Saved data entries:
● ● ● ● ●

(* Assume the rearrangement setting described in the context, and assume additionally that: - $X$ is convex in $R$; and - there is no walk in $R$ that starts in $M$ and ends in $Y$, and no walk in $R$ that starts in $Y$ and ends in $M$. If $R\in\mathfrak{T}_a$, then $S\in\mathfrak{T}_a$.
   Context: **Digraphs.** - A digraph $G$ is a pair $(V(G),A(G))$, where $V(G)$ is a finite non-empty set and $A(G)\subseteq V(G)\times V(G)$. Arcs are written $vw$. - $G^*$ is $G$ with all loops $vv$ removed. - Two vertices $u,w$ are adjacent if $uw\in A(G)$ or $wu\in A(G)$. $N_G(v)$ is the set of $w\ne v$ adjacent to $v$. - A walk is a sequence $v_0,\dots,v_I$ with $I\ge1$ and $v_{i-1}v_i\in A(G)$ for all $i$. It is closed if $v_0=v_I$. - A set $X$ is convex if every walk starting and ending in $X$ has all its vertices in $X$. - $\mathfrak{T}_a$ is the class of digraphs $G$ such that $G^*$ contains no closed walk; equivalently, every closed walk in $G$ is constant. **Rearrangement setting.** - $R=(Z,A(R))$ is a digraph. - $X,M\subseteq Z$ are disjoint. - $Y\subseteq Z$ satisfies $M\cap Y=\emptyset$ and $M\cap N_R(y)=\emptyset$ for all $y\in Y$. - $\beta:X\to Y$ is a map. - $S$ is the digraph with $V(S)=Z$ and $A(S)=A_r\cup A_d\cup A_u$, where: - $A_r=A(R)\setminus((M\times X)\cup(X\times M))$; - $A_d=\{m\beta(x): mx\in A(R)\cap(M\times X)\}$; - $A_u=\{\beta(x)m: xm\in A(R)\cap(X\times M)\}$. *)

theory Defs
  imports Main
begin

definition digraph :: "'a set \<Rightarrow> ('a \<times> 'a) set \<Rightarrow> bool" where
  "digraph V A \<longleftrightarrow> finite V \<and> V \<noteq> {} \<and> A \<subseteq> V \<times> V"

definition noloops :: "('a \<times> 'a) set \<Rightarrow> ('a \<times> 'a) set" where
  "noloops A = A - {(v, v) | v. True}"

definition nbhd :: "('a \<times> 'a) set \<Rightarrow> 'a \<Rightarrow> 'a set" where
  "nbhd A v = {w. w \<noteq> v \<and> ((v, w) \<in> A \<or> (w, v) \<in> A)}"

definition is_walk :: "('a \<times> 'a) set \<Rightarrow> 'a list \<Rightarrow> bool" where
  "is_walk A ws \<longleftrightarrow> 2 \<le> length ws \<and> (\<forall>i. Suc i < length ws \<longrightarrow> (ws ! i, ws ! Suc i) \<in> A)"

definition is_closed_walk :: "('a \<times> 'a) set \<Rightarrow> 'a list \<Rightarrow> bool" where
  "is_closed_walk A ws \<longleftrightarrow> is_walk A ws \<and> hd ws = last ws"

definition convex :: "('a \<times> 'a) set \<Rightarrow> 'a set \<Rightarrow> bool" where
  "convex A X \<longleftrightarrow> (\<forall>ws. is_walk A ws \<and> hd ws \<in> X \<and> last ws \<in> X \<longrightarrow> set ws \<subseteq> X)"

definition in_Ta :: "'a set \<Rightarrow> ('a \<times> 'a) set \<Rightarrow> bool" where
  "in_Ta V A \<longleftrightarrow> digraph V A \<and> \<not> (\<exists>ws. is_closed_walk (noloops A) ws)"

definition rearr_arcs :: "('a \<times> 'a) set \<Rightarrow> 'a set \<Rightarrow> 'a set \<Rightarrow> ('a \<Rightarrow> 'a) \<Rightarrow> ('a \<times> 'a) set" where
  "rearr_arcs AR X M \<beta> =
     (AR - ((M \<times> X) \<union> (X \<times> M)))
     \<union> {(m, \<beta> x) | m x. (m, x) \<in> AR \<inter> (M \<times> X)}
     \<union> {(\<beta> x, m) | x m. (x, m) \<in> AR \<inter> (X \<times> M)}"

end

theory Submission
  imports Defs
begin

text \<open>
  Every new arc of S joins M and Y. Let D (downstream) be the set of vertices reachable in R
  from the head of an arc X \<rightarrow> M. Then D avoids Y, and D is closed under the arcs of S:
  a down-arc m \<rightarrow> \<beta> x leaving D would come from a walk X \<rightarrow> M \<rightarrow> \<dots> \<rightarrow> m \<rightarrow> x, whose
  first M-vertex lies in X by convexity, and an up-arc starts in Y. From y \<in> Y the digraph S
  only reaches R-descendants of y and vertices of D: the descendants of y avoid M, so the only
  new arcs leaving them are up-arcs, whose heads lie in D.
  So a cycle of S through a down-arc m \<rightarrow> \<beta> x forces m \<in> D, hence \<beta> x \<in> D; and a cycle
  through an up-arc \<beta> x \<rightarrow> m runs inside D from m back to \<beta> x. Both contradict D \<inter> Y = {};
  cycles without new arcs are cycles of R.
\<close>

lemma is_walk_iff_successively:
  "is_walk A ws \<longleftrightarrow> 2 \<le> length ws \<and> successively (\<lambda>u v. (u, v) \<in> A) ws"
  by (simp add: is_walk_def successively_conv_nth)

lemma trancl_iff_walk:
  "(a, b) \<in> A\<^sup>+ \<longleftrightarrow> (\<exists>ws. is_walk A ws \<and> hd ws = a \<and> last ws = b)"
proof
  assume "(a, b) \<in> A\<^sup>+"
  then show "\<exists>ws. is_walk A ws \<and> hd ws = a \<and> last ws = b"
  proof (induction rule: trancl_induct)
    case (base b)
    then show ?case by (intro exI[of _ "[a, b]"]) (simp add: is_walk_iff_successively)
  next
    case (step b c)
    then obtain ws where "is_walk A ws" "hd ws = a" "last ws = b" by blast
    with step.hyps(2) show ?case
      by (intro exI[of _ "ws @ [c]"]) (auto simp: is_walk_iff_successively successively_append_iff hd_append)
  qed
next
  assume "\<exists>ws. is_walk A ws \<and> hd ws = a \<and> last ws = b"
  then obtain ws where "2 \<le> length ws" "successively (\<lambda>u v. (u, v) \<in> A) ws" "hd ws = a" "last ws = b"
    by (auto simp: is_walk_iff_successively)
  then show "(a, b) \<in> A\<^sup>+"
  proof (induction ws arbitrary: a rule: induct_list012)
    case (3 u v vs)
    show ?case
    proof (cases vs)
      case Nil
      then show ?thesis using "3.prems" by auto
    next
      case (Cons w ws)
      then have "(v, b) \<in> A\<^sup>+" using "3.prems" by (intro "3.IH"(2)) auto
      with "3.prems" show ?thesis by (auto intro: trancl_into_trancl2)
    qed
  qed auto
qed

lemma in_Ta_iff_acyclic: "in_Ta V A \<longleftrightarrow> digraph V A \<and> acyclic (noloops A)"
  unfolding in_Ta_def is_closed_walk_def acyclic_def trancl_iff_walk by metis

lemma convex_trancl:
  assumes "convex A X" "x \<in> X" "x' \<in> X" "(x, v) \<in> A\<^sup>+" "(v, x') \<in> A\<^sup>+"
  shows "v \<in> X"
proof -
  obtain ws where ws: "is_walk A ws" "hd ws = x" "last ws = v"
    using assms(4) by (auto simp: trancl_iff_walk)
  obtain vs where vs: "is_walk A (v # vs)" "last (v # vs) = x'"
  proof -
    obtain vs' where "is_walk A vs'" "hd vs' = v" "last vs' = x'"
      using assms(5) by (auto simp: trancl_iff_walk)
    then show thesis using that[of "tl vs'"] by (cases vs') (auto simp: is_walk_def)
  qed
  have "is_walk A (ws @ vs)"
    using ws vs by (auto simp: is_walk_iff_successively successively_append_iff successively_Cons)
  moreover have "ws \<noteq> []" "vs \<noteq> []"
    using ws vs by (auto simp: is_walk_def)
  then have "hd (ws @ vs) = x" "last (ws @ vs) = x'" "v \<in> set (ws @ vs)"
    using ws vs by auto
  ultimately show ?thesis
    using assms(1-3) unfolding convex_def by (metis subsetD)
qed

lemma trancl_Un_cases:
  assumes "(a, b) \<in> (E \<union> F)\<^sup>+"
  obtains "(a, b) \<in> E\<^sup>+"
  | p q where "(p, q) \<in> F" "(a, p) \<in> (E \<union> F)\<^sup>*" "(q, b) \<in> (E \<union> F)\<^sup>*"
  using assms
proof (induction arbitrary: thesis rule: trancl_induct)
  case (base b)
  then show ?case by blast
next
  case (step b c)
  show ?case
  proof (rule step.IH)
    assume ab: "(a, b) \<in> E\<^sup>+"
    show thesis
    proof (cases "(b, c) \<in> E")
      case True
      with ab show thesis using step.prems(1) by (meson trancl.trancl_into_trancl)
    next
      case False
      with step.hyps(2) have "(b, c) \<in> F" by blast
      moreover have "(a, b) \<in> (E \<union> F)\<^sup>*" using step.hyps(1) by (rule trancl_into_rtrancl)
      ultimately show thesis using step.prems(2) by blast
    qed
  next
    fix p q assume "(p, q) \<in> F" "(a, p) \<in> (E \<union> F)\<^sup>*" "(q, b) \<in> (E \<union> F)\<^sup>*"
    then show thesis
      using step.hyps(2) step.prems(2) by (meson rtrancl.rtrancl_into_rtrancl)
  qed
qed

lemma acyclic_Un:
  assumes "acyclic E" and "\<And>p q. (p, q) \<in> F \<Longrightarrow> (q, p) \<notin> (E \<union> F)\<^sup>*"
  shows "acyclic (E \<union> F)"
proof (rule acyclicI, intro allI notI)
  fix v assume "(v, v) \<in> (E \<union> F)\<^sup>+"
  then show False
  proof (cases rule: trancl_Un_cases)
    case 1
    with assms(1) show False by (simp add: acyclic_def)
  next
    case (2 p q)
    then have "(q, p) \<in> (E \<union> F)\<^sup>*" by simp
    with assms(2) \<open>(p, q) \<in> F\<close> show False by blast
  qed
qed

lemma rearr_arcs_cases:
  assumes "(b, c) \<in> rearr_arcs AR X M \<beta>"
  obtains "(b, c) \<in> AR"
  | x where "b \<in> M" "x \<in> X" "(b, x) \<in> AR" "c = \<beta> x"
  | x where "c \<in> M" "x \<in> X" "(x, c) \<in> AR" "b = \<beta> x"
  using assms unfolding rearr_arcs_def by blast

lemma rearr_arcs_subset:
  assumes "AR \<subseteq> Z \<times> Z" "\<beta> ` X \<subseteq> Z"
  shows "rearr_arcs AR X M \<beta> \<subseteq> Z \<times> Z"
  using assms unfolding rearr_arcs_def by blast

locale rearrangement =
  fixes AR :: "('a \<times> 'a) set" and X M Y :: "'a set" and \<beta> :: "'a \<Rightarrow> 'a"
  assumes disjoint_XM: "X \<inter> M = {}"
    and disjoint_MY: "M \<inter> Y = {}"
    and beta_in_Y: "x \<in> X \<Longrightarrow> \<beta> x \<in> Y"
    and convex_X: "x \<in> X \<Longrightarrow> x' \<in> X \<Longrightarrow> (x, v) \<in> AR\<^sup>+ \<Longrightarrow> (v, x') \<in> AR\<^sup>+ \<Longrightarrow> v \<in> X"
    and no_path_M_Y: "m \<in> M \<Longrightarrow> y \<in> Y \<Longrightarrow> (m, y) \<notin> AR\<^sup>+"
    and no_path_Y_M: "y \<in> Y \<Longrightarrow> m \<in> M \<Longrightarrow> (y, m) \<notin> AR\<^sup>+"
begin

abbreviation S :: "('a \<times> 'a) set" where
  "S \<equiv> rearr_arcs AR X M \<beta>"

definition downstream :: "'a set" where
  "downstream = {v. \<exists>x\<in>X. \<exists>m\<in>M. (x, m) \<in> AR \<and> (m, v) \<in> AR\<^sup>*}"

lemma no_rtrancl_M_Y: "m \<in> M \<Longrightarrow> y \<in> Y \<Longrightarrow> (m, y) \<notin> AR\<^sup>*"
  using no_path_M_Y disjoint_MY by (auto simp: rtrancl_eq_or_trancl)

lemma no_rtrancl_Y_M: "y \<in> Y \<Longrightarrow> m \<in> M \<Longrightarrow> (y, m) \<notin> AR\<^sup>*"
  using no_path_Y_M disjoint_MY by (auto simp: rtrancl_eq_or_trancl)

lemma downstream_disjoint_Y: "downstream \<inter> Y = {}"
  unfolding downstream_def using no_rtrancl_M_Y by blast

lemma head_in_downstream: "x \<in> X \<Longrightarrow> m \<in> M \<Longrightarrow> (x, m) \<in> AR \<Longrightarrow> m \<in> downstream"
  unfolding downstream_def by blast

lemma downstream_no_arc_into_X:
  assumes "b \<in> downstream" "x \<in> X" "(b, x) \<in> AR"
  shows False
proof -
  obtain x0 m0 where "x0 \<in> X" "m0 \<in> M" "(x0, m0) \<in> AR" "(m0, b) \<in> AR\<^sup>*"
    using assms(1) unfolding downstream_def by blast
  moreover from this assms(3) have "(m0, x) \<in> AR\<^sup>+" by (meson rtrancl_into_trancl1)
  ultimately have "m0 \<in> X" using convex_X assms(2) by blast
  with \<open>m0 \<in> M\<close> show False using disjoint_XM by blast
qed

lemma downstream_closed: "S `` downstream \<subseteq> downstream"
proof
  fix c assume "c \<in> S `` downstream"
  then obtain b where b: "b \<in> downstream" and bc: "(b, c) \<in> S" by blast
  from bc show "c \<in> downstream"
  proof (cases rule: rearr_arcs_cases)
    case 1
    with b show ?thesis unfolding downstream_def by (blast intro: rtrancl_into_rtrancl)
  next
    case (2 x)
    with b show ?thesis using downstream_no_arc_into_X by blast
  next
    case (3 x)
    with b show ?thesis using downstream_disjoint_Y beta_in_Y by blast
  qed
qed

lemma reachable_from_Y:
  assumes "y \<in> Y" "(y, v) \<in> S\<^sup>*"
  shows "(y, v) \<in> AR\<^sup>* \<or> v \<in> downstream"
proof -
  define T where "T = AR\<^sup>* `` {y} \<union> downstream"
  have "S `` T \<subseteq> T"
  proof
    fix c assume "c \<in> S `` T"
    then obtain b where b: "b \<in> T" and bc: "(b, c) \<in> S" by blast
    show "c \<in> T"
    proof (cases "b \<in> downstream")
      case True
      with bc show ?thesis using downstream_closed unfolding T_def by blast
    next
      case False
      with b have yb: "(y, b) \<in> AR\<^sup>*" unfolding T_def by blast
      from bc show ?thesis
      proof (cases rule: rearr_arcs_cases)
        case 1
        with yb show ?thesis unfolding T_def by (meson ImageI rtrancl.rtrancl_into_rtrancl singletonI UnI1)
      next
        case (2 x)
        with yb show ?thesis using no_rtrancl_Y_M assms(1) by blast
      next
        case (3 x)
        then show ?thesis using head_in_downstream unfolding T_def by blast
      qed
    qed
  qed
  then have "S\<^sup>* `` T = T" by (rule Image_closed_trancl)
  moreover have "v \<in> S\<^sup>* `` T" using assms(2) unfolding T_def by blast
  ultimately show ?thesis unfolding T_def by blast
qed

lemma new_arc_not_on_cycle:
  assumes pq: "(p, q) \<in> S" "(p, q) \<notin> AR" and qp: "(q, p) \<in> S\<^sup>*"
  shows False
  using pq(1)
proof (cases rule: rearr_arcs_cases)
  case 1
  with pq(2) show False by blast
next
  case (2 x)
  then have "q \<in> Y" using beta_in_Y by blast
  with qp have "p \<in> downstream"
    using reachable_from_Y no_rtrancl_Y_M \<open>p \<in> M\<close> by blast
  with pq(1) have "q \<in> downstream" using downstream_closed by blast
  with \<open>q \<in> Y\<close> show False using downstream_disjoint_Y by blast
next
  case (3 x)
  then have "q \<in> downstream" using head_in_downstream by blast
  with qp have "p \<in> downstream" using Image_closed_trancl[OF downstream_closed] by blast
  moreover have "p \<in> Y" using 3 beta_in_Y by blast
  ultimately show False using downstream_disjoint_Y by blast
qed

lemma acyclic_noloops_rearr_arcs:
  assumes "acyclic (noloops AR)"
  shows "acyclic (noloops S)"
proof -
  have "acyclic (noloops S \<inter> AR)"
    using assms by (rule acyclic_subset) (auto simp: noloops_def)
  then have "acyclic (noloops S \<inter> AR \<union> (noloops S - AR))"
  proof (rule acyclic_Un)
    fix p q assume pq: "(p, q) \<in> noloops S - AR"
    have "(noloops S \<inter> AR \<union> (noloops S - AR))\<^sup>* \<subseteq> S\<^sup>*"
      by (rule rtrancl_mono) (auto simp: noloops_def)
    with pq show "(q, p) \<notin> (noloops S \<inter> AR \<union> (noloops S - AR))\<^sup>*"
      using new_arc_not_on_cycle by (auto simp: noloops_def)
  qed
  then show ?thesis by (simp add: Int_Diff_Un)
qed

end

theorem lemma7:
  fixes Z X M Y :: "'a set" and AR :: "('a \<times> 'a) set" and \<beta> :: "'a \<Rightarrow> 'a"
  assumes R: "digraph Z AR"
    and XZ: "X \<subseteq> Z" and MZ: "M \<subseteq> Z" and YZ: "Y \<subseteq> Z"
    and XM: "X \<inter> M = {}"
    and MY: "M \<inter> Y = {}"
    and MN: "\<forall>y\<in>Y. M \<inter> nbhd AR y = {}"
    and beta: "\<forall>x\<in>X. \<beta> x \<in> Y"
    and conv: "convex AR X"
    and noMY: "\<not> (\<exists>ws. is_walk AR ws \<and> hd ws \<in> M \<and> last ws \<in> Y)"
    and noYM: "\<not> (\<exists>ws. is_walk AR ws \<and> hd ws \<in> Y \<and> last ws \<in> M)"
    and Ta: "in_Ta Z AR"
  shows "in_Ta Z (rearr_arcs AR X M \<beta>)"
proof -
  have "\<And>m y. m \<in> M \<Longrightarrow> y \<in> Y \<Longrightarrow> (m, y) \<notin> AR\<^sup>+"
    and "\<And>m y. y \<in> Y \<Longrightarrow> m \<in> M \<Longrightarrow> (y, m) \<notin> AR\<^sup>+"
    using noMY noYM by (auto simp: trancl_iff_walk)
  then interpret rearrangement AR X M Y \<beta>
    using XM MY beta convex_trancl[OF conv] by unfold_locales blast+
  have "rearr_arcs AR X M \<beta> \<subseteq> Z \<times> Z"
    using R YZ beta by (intro rearr_arcs_subset) (auto simp: digraph_def)
  then have "digraph Z (rearr_arcs AR X M \<beta>)"
    using R by (simp add: digraph_def)
  moreover have "acyclic (noloops (rearr_arcs AR X M \<beta>))"
    using Ta by (intro acyclic_noloops_rearr_arcs) (simp add: in_Ta_iff_acyclic)
  ultimately show ?thesis by (simp add: in_Ta_iff_acyclic)
qed

end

● ● ● ● ●

WHAT NEEDS TO BE DONE: The lines to copy run from the start of the records above through the line holding "w \<noteq> v"; give them exactly, both ends included, and nothing else.

TASK OUTPUT:
(* Assume the rearrangement setting described in the context, and assume additionally that: - $X$ is convex in $R$; and - there is no walk in $R$ that starts in $M$ and ends in $Y$, and no walk in $R$ that starts in $Y$ and ends in $M$. If $R\in\mathfrak{T}_a$, then $S\in\mathfrak{T}_a$.
   Context: **Digraphs.** - A digraph $G$ is a pair $(V(G),A(G))$, where $V(G)$ is a finite non-empty set and $A(G)\subseteq V(G)\times V(G)$. Arcs are written $vw$. - $G^*$ is $G$ with all loops $vv$ removed. - Two vertices $u,w$ are adjacent if $uw\in A(G)$ or $wu\in A(G)$. $N_G(v)$ is the set of $w\ne v$ adjacent to $v$. - A walk is a sequence $v_0,\dots,v_I$ with $I\ge1$ and $v_{i-1}v_i\in A(G)$ for all $i$. It is closed if $v_0=v_I$. - A set $X$ is convex if every walk starting and ending in $X$ has all its vertices in $X$. - $\mathfrak{T}_a$ is the class of digraphs $G$ such that $G^*$ contains no closed walk; equivalently, every closed walk in $G$ is constant. **Rearrangement setting.** - $R=(Z,A(R))$ is a digraph. - $X,M\subseteq Z$ are disjoint. - $Y\subseteq Z$ satisfies $M\cap Y=\emptyset$ and $M\cap N_R(y)=\emptyset$ for all $y\in Y$. - $\beta:X\to Y$ is a map. - $S$ is the digraph with $V(S)=Z$ and $A(S)=A_r\cup A_d\cup A_u$, where: - $A_r=A(R)\setminus((M\times X)\cup(X\times M))$; - $A_d=\{m\beta(x): mx\in A(R)\cap(M\times X)\}$; - $A_u=\{\beta(x)m: xm\in A(R)\cap(X\times M)\}$. *)

theory Defs
  imports Main
begin

definition digraph :: "'a set \<Rightarrow> ('a \<times> 'a) set \<Rightarrow> bool" where
  "digraph V A \<longleftrightarrow> finite V \<and> V \<noteq> {} \<and> A \<subseteq> V \<times> V"

definition noloops :: "('a \<times> 'a) set \<Rightarrow> ('a \<times> 'a) set" where
  "noloops A = A - {(v, v) | v. True}"

definition nbhd :: "('a \<times> 'a) set \<Rightarrow> 'a \<Rightarrow> 'a set" where
  "nbhd A v = {w. w \<noteq> v \<and> ((v, w) \<in> A \<or> (w, v) \<in> A)}"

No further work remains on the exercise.